START Given records

lemma square_sign_map_not_additive:
  fixes t :: "'a::field"
  assumes "(2::'a) \<noteq> 0" and "\<not> is_square t"
  defines "g \<equiv> \<lambda>w::'a. if is_square w then w else - w"
  shows "\<not> (\<forall>x y. g (x + y) = g x + g y)"
proof
  assume "\<forall>x y. g (x + y) = g x + g y"
  hence "g (t + 1) = g t + g 1"
    by blast
  moreover have "is_square (1::'a)"
    unfolding is_square_def by (metis power_one)
  ultimately have "g (t + 1) = - t + 1"
    using assms(2) by (simp add: g_def)
  moreover have "t \<noteq> 0"
    using assms(2) by (auto simp: is_square_def)
  ultimately show False
    using assms(1) by (auto simp: g_def split: if_splits)
qed

lemma two_neq_zero_of_odd_CHAR:
  assumes "odd CHAR('a::field)"
  shows "(2::'a) \<noteq> 0"
proof
  assume "(2::'a) = 0"
  hence "CHAR('a) dvd 2"
    using of_nat_eq_0_iff_char_dvd[of 2, where 'a = 'a] by simp
  have "CHAR('a) \<noteq> 0"
  proof
    assume "CHAR('a) = 0"
    with \<open>CHAR('a) dvd 2\<close> show False
      by simp
  qed
  moreover have "CHAR('a) \<le> 2"
    using \<open>CHAR('a) dvd 2\<close> by (rule dvd_imp_le) simp
  ultimately have "CHAR('a) = 1"
    using assms by presburger
  thus False
    by simp
qed

lemma card_eq_5_iff_Aut_psubset_SD:
  assumes "(2::'a::field) \<noteq> 0"
  shows "card (UNIV :: 'a set) = 5 \<longleftrightarrow> (Aut :: ('a \<Rightarrow> 'a) set) \<subset> SD"
proof
  assume card: "card (UNIV :: 'a set) = 5"
  then obtain i :: 'a where "i ^ 2 = -1" "UNIV = {0, 1, -1, i, -i}"
    using card_UNIV_eq_5_iff[OF assms] by blast
  hence fourth: "\<And>x::'a. x \<noteq> 0 \<Longrightarrow> x ^ 4 = 1"
    by (rule fourth_power_eq_one)
  have "(6::'a) = 5 + 1"
    by simp
  also have "\<dots> = 1"
    by (simp add: five_eq_zero_of_card[OF card])
  finally have "(6::'a) \<noteq> 0"
    by simp
  hence "(\<lambda>x::'a. x ^ 3) \<in> SD - Aut"
    using SD_map_cube[OF fourth] surj_cube[OF fourth] cube_not_field_aut by (simp add: SD_def Aut_def)
  with Aut_subset_SD show "(Aut :: ('a \<Rightarrow> 'a) set) \<subset> SD"
    by blast
next
  assume "(Aut :: ('a \<Rightarrow> 'a) set) \<subset> SD"
  then obtain f :: "'a \<Rightarrow> 'a" where "f \<in> SD" "f \<notin> Aut"
    by blast
  hence "SD_map f"
    by (simp add: SD_def)
  from SD_map_additive_or_card_5[OF this assms] show "card (UNIV :: 'a set) = 5"
  proof
    assume "\<forall>x y. f (x + y) = f x + f y"
    with \<open>f \<in> SD\<close> assms have "f \<in> Aut"
      by (rule field_aut_of_SD_additive)
    with \<open>f \<notin> Aut\<close> show ?thesis ..
  qed
qed
(* Let $k\in\mathbb{N}$, $R>0$, and let $S^k=S^k(R)=\{y\in\mathbb{R}^{k+1}: |y|=R\}$. Fix a point $x\in\mathbb{R}^{k+1}$ with $|x|\neq R$. If $\alpha,\beta\in\mathbb{C}$ satisfy $\alpha+\beta=k$, then $$\int_{S^k}\omega(x,y)^\alpha\,dS_y=\int_{S^k}\omega(x,y)^\beta\,dS_y .$$
   Context: For $x\neq y$ in $\mathbb{R}^{k+1}$ the spherical ratio of two points is $\omega(x,y)=\left|\dfrac{|x|^2-|y|^2}{|x-y|^2}\right|$. $dS_y$ denotes the standard $k$-dimensional surface measure on $S^k(R)$. For $|x|\neq R$ and $y\in S^k(R)$ one has $\omega(x,y)>0$, and complex powers are defined by $\omega^\alpha=e^{\alpha\ln\omega}$ with the real logarithm. *)

theory Defs
  imports "HOL-Analysis.Analysis"
begin

definition spherical_ratio :: "'a::euclidean_space \<Rightarrow> 'a \<Rightarrow> real" where
  "spherical_ratio x y = \<bar>(norm x ^ 2 - norm y ^ 2) / (norm (x - y) ^ 2)\<bar>"

definition cpow_real :: "real \<Rightarrow> complex \<Rightarrow> complex" where
  "cpow_real w a = exp (a * complex_of_real (ln w))"

text \<open>Standard k-dimensional surface measure on the sphere S^k(R) in R^(k+1), k+1 = DIM('a),
  defined by the cone construction: sigma(A) = ((k+1)/R) * lebesgue-volume of
  {t*y : y in A, 0 < t <= 1}.\<close>
definition sphere_surface_measure :: "real \<Rightarrow> 'a::euclidean_space measure" where
  "sphere_surface_measure R =
     distr (density lborel (\<lambda>x. ennreal (real DIM('a) / R) * indicator (ball 0 R - {0}) x))
           borel (\<lambda>x. (R / norm x) *\<^sub>R x)"

end

theory Submission
  imports Defs
begin

text \<open>
  By the cone construction, integrating \<open>f\<close> over the sphere amounts to integrating
  \<open>f (R w / |w|)\<close> over the punctured ball. For \<open>y = R w / |w|\<close> let \<open>y*\<close> be the second
  point where the line through \<open>x\<close> and \<open>y\<close> meets the sphere. Reflecting \<open>w\<close> in the
  hyperplane orthogonal to \<open>y - x\<close> gives a norm-preserving involution \<open>\<Phi>\<close> of the punctured
  ball with \<open>R \<Phi>(w) / |\<Phi>(w)| = y*\<close>. By the power of the point \<open>x\<close>,
  \<open>\<omega>(x, y*) = 1 / \<omega>(x, y)\<close>, and the Jacobian of \<open>\<Phi>\<close> is \<open>\<omega>(x, y)^k\<close>: on the tangent
  directions \<open>\<Phi>\<close> stretches by the ratio of the chord lengths, radially it is an isometry.
  Substituting \<open>\<Phi>\<close> turns \<open>\<integral> \<omega>^\<alpha>\<close> into \<open>\<integral> \<omega>^k \<omega>^-\<alpha> = \<integral> \<omega>^\<beta>\<close>.
\<close>

section \<open>Householder reflections\<close>

text \<open>For \<open>d = 0\<close> this is the identity, since \<open>x / 0 = 0\<close>.\<close>
definition householder :: "'a::real_inner \<Rightarrow> 'a \<Rightarrow> 'a" where
  "householder d h = h - (2 * (h \<bullet> d) / (d \<bullet> d)) *\<^sub>R d"

lemma linear_householder: "linear (householder d)"
  unfolding householder_def
  by (rule linearI) (auto simp: algebra_simps inner_add_left add_divide_distrib scaleR_add_left)

lemma inner_householder: "householder d a \<bullet> householder d b = a \<bullet> b"
proof (cases "d = 0")
  case False
  then have "d \<bullet> d \<noteq> 0" by simp
  then show ?thesis unfolding householder_def
    by (simp add: inner_diff_left inner_diff_right inner_commute field_simps)
qed (simp add: householder_def)

lemma norm_householder [simp]: "norm (householder d h) = norm h"
  by (metis inner_householder norm_eq_sqrt_inner)

lemma householder_householder [simp]: "householder d (householder d h) = h"
proof (cases "d = 0")
  case False
  then have "d \<bullet> d \<noteq> 0" by simp
  then show ?thesis unfolding householder_def
    by (simp add: inner_diff_left algebra_simps field_simps)
qed (simp add: householder_def)

lemma householder_scaleR: "c \<noteq> 0 \<Longrightarrow> householder (c *\<^sub>R d) = householder d"
  by (rule ext) (simp add: householder_def field_simps power2_eq_square)

lemma orthogonal_transformation_householder: "orthogonal_transformation (householder d)"
  unfolding orthogonal_transformation_def using linear_householder inner_householder by blast

text \<open>Reflecting a point \<open>y\<close> of the sphere along a chord direction \<open>y - x\<close> yields the second
  intersection of the line through \<open>x\<close> and \<open>y\<close> with the sphere.\<close>
lemma householder_chord:
  assumes "norm y = R" "y \<noteq> x"
  shows "householder (y - x) y = x + ((norm x ^ 2 - R ^ 2) / ((y - x) \<bullet> (y - x))) *\<^sub>R (y - x)"
proof -
  let ?d = "y - x"
  have "?d \<bullet> ?d \<noteq> 0" using assms by simp
  moreover have "y \<bullet> y = R ^ 2" using assms(1) by (metis power2_norm_eq_inner)
  then have "?d \<bullet> ?d - 2 * (y \<bullet> ?d) = norm x ^ 2 - R ^ 2"
    by (simp add: inner_diff_left inner_diff_right inner_commute power2_norm_eq_inner)
  ultimately have "1 - 2 * (y \<bullet> ?d) / (?d \<bullet> ?d) = (norm x ^ 2 - R ^ 2) / (?d \<bullet> ?d)"
    by (simp add: field_simps)
  moreover have "householder ?d y = x + (1 - 2 * (y \<bullet> ?d) / (?d \<bullet> ?d)) *\<^sub>R ?d"
    unfolding householder_def by (simp add: algebra_simps)
  ultimately show ?thesis by simp
qed

lemma householder_has_derivative:
  fixes d :: "'a::real_inner \<Rightarrow> 'a"
  assumes "(d has_derivative D) (at w)" "d w \<noteq> 0"
  shows "((\<lambda>w. householder (d w) w) has_derivative (\<lambda>h. h
      - ((2 * (h \<bullet> d w + w \<bullet> D h)) / (d w \<bullet> d w)
         - 2 * (w \<bullet> d w) * (2 * (d w \<bullet> D h)) / (d w \<bullet> d w)^2) *\<^sub>R d w
      - (2 * (w \<bullet> d w) / (d w \<bullet> d w)) *\<^sub>R D h)) (at w)"
  unfolding householder_def
  apply (rule has_derivative_eq_rhs)
   apply (rule derivative_eq_intros assms | simp add: assms)+
  apply (rule ext)
  using assms apply (simp add: field_simps algebra_simps inner_commute power2_eq_square)
  done

section \<open>The chord reflection of the punctured ball\<close>

lemma spherical_ratio_pos:
  fixes x y :: "'a::euclidean_space"
  assumes "norm x \<noteq> norm y"
  shows "spherical_ratio x y > 0"
proof -
  have "x \<noteq> y" "norm x ^ 2 \<noteq> norm y ^ 2"
    using assms by (auto simp: power2_eq_iff_nonneg)
  then show ?thesis by (simp add: spherical_ratio_def)
qed

lemma spherical_ratio_sphere:
  fixes x y :: "'a::euclidean_space"
  assumes "norm y = R"
  shows "spherical_ratio x y = \<bar>norm x ^ 2 - R ^ 2\<bar> / ((y - x) \<bullet> (y - x))"
proof -
  have "norm (x - y) ^ 2 = (y - x) \<bullet> (y - x)"
    by (metis norm_minus_commute power2_norm_eq_inner)
  then show ?thesis using assms by (simp add: spherical_ratio_def abs_divide)
qed

lemma spherical_ratio_chord:
  fixes x y :: "'a::euclidean_space"
  assumes "norm y = R" "norm x \<noteq> R"
    and c: "c = (norm x ^ 2 - R ^ 2) / ((y - x) \<bullet> (y - x))"
    and "norm (x + c *\<^sub>R (y - x)) = R"
  shows "spherical_ratio x (x + c *\<^sub>R (y - x)) = inverse (spherical_ratio x y)"
proof -
  define s where "s = norm x ^ 2 - R ^ 2"
  have "s \<noteq> 0"
    using assms(1,2) power2_eq_iff_nonneg[OF norm_ge_zero norm_ge_zero, of x y]
    unfolding s_def by auto
  moreover have "(y - x) \<bullet> (y - x) \<noteq> 0" using assms(1,2) by auto
  ultimately have "\<bar>s\<bar> / (c * c * ((y - x) \<bullet> (y - x))) = ((y - x) \<bullet> (y - x)) / \<bar>s\<bar>"
    unfolding c s_def[symmetric] by (simp add: field_simps abs_mult power2_eq_square)
  then show ?thesis
    using spherical_ratio_sphere[OF assms(4), of x] spherical_ratio_sphere[OF assms(1), of x]
    unfolding s_def by simp
qed

definition radial_proj :: "real \<Rightarrow> 'a::real_normed_vector \<Rightarrow> 'a" where
  "radial_proj R w = (R / norm w) *\<^sub>R w"

lemma norm_radial_proj: "w \<noteq> 0 \<Longrightarrow> R > 0 \<Longrightarrow> norm (radial_proj R w) = R"
  by (simp add: radial_proj_def)

lemma radial_proj_householder: "radial_proj R (householder d w) = householder d (radial_proj R w)"
  unfolding radial_proj_def norm_householder by (simp add: linear_scale[OF linear_householder])

lemma radial_proj_has_derivative:
  fixes w :: "'a::real_inner"
  assumes "w \<noteq> 0"
  shows "(radial_proj R has_derivative
           (\<lambda>h. (R / norm w) *\<^sub>R (h - (sgn w \<bullet> h) *\<^sub>R sgn w))) (at w)"
  unfolding radial_proj_def
  apply (rule has_derivative_eq_rhs)
   apply (rule derivative_eq_intros has_derivative_norm[OF assms] | simp add: assms)+
  apply (rule ext)
  using assms apply (simp add: sgn_div_norm field_simps algebra_simps inner_commute power2_eq_square)
  done

definition chord_reflection :: "real \<Rightarrow> 'a::real_inner \<Rightarrow> 'a \<Rightarrow> 'a" where
  "chord_reflection R x w = householder (radial_proj R w - x) w"

lemma norm_chord_reflection [simp]: "norm (chord_reflection R x w) = norm w"
  by (simp add: chord_reflection_def)

lemma chord_reflection_eq_0_iff [simp]: "chord_reflection R x w = 0 \<longleftrightarrow> w = 0"
  by (metis norm_chord_reflection norm_eq_zero)

lemma radial_proj_chord_reflection:
  fixes w x :: "'a::real_inner"
  assumes "w \<noteq> 0" "R > 0" "norm x \<noteq> R"
  defines "d \<equiv> radial_proj R w - x"
  shows "radial_proj R (chord_reflection R x w) = x + ((norm x ^ 2 - R ^ 2) / (d \<bullet> d)) *\<^sub>R d"
proof -
  have "norm (radial_proj R w) = R" using norm_radial_proj assms by blast
  moreover have "radial_proj R w \<noteq> x" using calculation assms(3) by auto
  ultimately show ?thesis
    unfolding chord_reflection_def radial_proj_householder d_def by (rule householder_chord)
qed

END Given records

--- Your instructions ---
Return only the exact lines from the opening of the records through the line that contains "using of_nat_eq_0_iff_char_dvd[of 2, where", both included.

--- Expected output ---
lemma square_sign_map_not_additive:
  fixes t :: "'a::field"
  assumes "(2::'a) \<noteq> 0" and "\<not> is_square t"
  defines "g \<equiv> \<lambda>w::'a. if is_square w then w else - w"
  shows "\<not> (\<forall>x y. g (x + y) = g x + g y)"
proof
  assume "\<forall>x y. g (x + y) = g x + g y"
  hence "g (t + 1) = g t + g 1"
    by blast
  moreover have "is_square (1::'a)"
    unfolding is_square_def by (metis power_one)
  ultimately have "g (t + 1) = - t + 1"
    using assms(2) by (simp add: g_def)
  moreover have "t \<noteq> 0"
    using assms(2) by (auto simp: is_square_def)
  ultimately show False
    using assms(1) by (auto simp: g_def split: if_splits)
qed

lemma two_neq_zero_of_odd_CHAR:
  assumes "odd CHAR('a::field)"
  shows "(2::'a) \<noteq> 0"
proof
  assume "(2::'a) = 0"
  hence "CHAR('a) dvd 2"
    using of_nat_eq_0_iff_char_dvd[of 2, where 'a = 'a] by simp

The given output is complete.